Der Fonds richtet sich an Geschädigte der G20-Ausschreitungen, deren Sachschäden nicht durch Versicherungen gedeckt sind. Insgesamt 40 Millionen Euro hatten Stadt und Bund bereit- gestellt. Bis Freitag waren davon rund 176.000 Euro ausgezahlt. „Das Schadensvolumen ist deutlich geringer ausgefallen als zunächst befürchtet“, sagt Ralf Sommer, Vorstandsvorsitzender der Hamburgischen Investitions- und Förderbank (IfB), bei der der Fonds eingerichtet ist.
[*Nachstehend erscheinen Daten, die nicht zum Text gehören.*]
locale shifted_power_semigroup =
  fixes a b p :: nat
  assumes a_gt_1: "1 < a" and b_gt_1: "1 < b" and p_gt_1: "1 < p" and coprime_a_b: "coprime a b"
begin

definition m :: nat where "m = a ^ p"

\<comment> \<open>g k is the generator g_(k+2) of the paper, the multiplicity m being g_1\<close>
definition g :: "nat \<Rightarrow> nat" where "g k = a ^ p + a ^ k * b"

definition G :: "nat set" where "G = insert (a ^ p) {a ^ p + a ^ k * b | k. k < p}"

abbreviation S :: "nat set" where "S \<equiv> monoid_gen G"

definition box :: "nat set" where "box = {\<Sum>k<p. lam k * g k | lam. \<forall>k<p. lam k < a}"

lemma G_eq: "G = insert m (g ` {..<p})"
  by (auto simp: G_def m_def g_def)

lemma g_eq: "g k = m + b * a ^ k"
  by (simp add: g_def m_def)

lemma a_less_m: "a < m"
  using power_strict_increasing[OF p_gt_1 a_gt_1] by (simp add: m_def)

lemma power_less_m: "k < p \<Longrightarrow> a ^ k < m"
  using power_strict_increasing[OF _ a_gt_1] by (simp add: m_def)

lemma coprime_m_b: "coprime m b"
  using coprime_a_b by (simp add: m_def)

lemma m_in_S: "m \<in> S"
  by (rule generator_in_monoid_gen) (simp add: G_eq)

lemma g_in_S: "k < p \<Longrightarrow> g k \<in> S"
  by (rule generator_in_monoid_gen) (simp add: G_eq)

lemma lin_comb_in_S: "c * m + (\<Sum>k<p. \<mu> k * g k) \<in> S"
  by (intro monoid_gen_add monoid_gen_mult monoid_gen_sum m_in_S g_in_S) simp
Viele Schäden seien bereits durch Versicherungen gedeckt. „So müssen wir häufig nur die Selbstbehalte erstatten“, sagt Sommer. Insgesamt sei mit Sachschäden von bis zu 20 Millionen Euro zu rechnen.

135 Anträge wegen beschädigter Autos

Bislang sind 262 Anträge auf Zahlungen eingegangen. Doch noch immer werden weitere gestellt. „Nach den bisherigen Erfahrungen erreichen uns Anträge auch deshalb später, weil die Geschädigten noch die endgültige Schadenshöhe feststellen müssen und Klärungen mit Versicherern vorgenommen werden“, sagt Senatssprecher Jörg Schmoll. Bewilligt und ausgezahlt wurde bislang in 117 Fällen. Unter den Entschädigten sind 93 Privatpersonen und 24 Unternehmen. IfB-Chef Sommer zufolge werde in der Regel noch am Tag der Antragsvorlage Kontakt zum Antragsteller aufgenommen.

Die Mehrheit der bislang eingegangen Anträge bezieht sich auf Schäden an Autos (135), es folgen Gebäudeschäden (93) und sonstige Schäden (52). Die IfB geht davon aus, dass „der überwiegende Teil der Schäden bis Ende September reguliert sein sollte“. Insgesamt dürfte aus dem Fonds eine Summe im mittleren einstelligen Millionenbereich erstattet werden.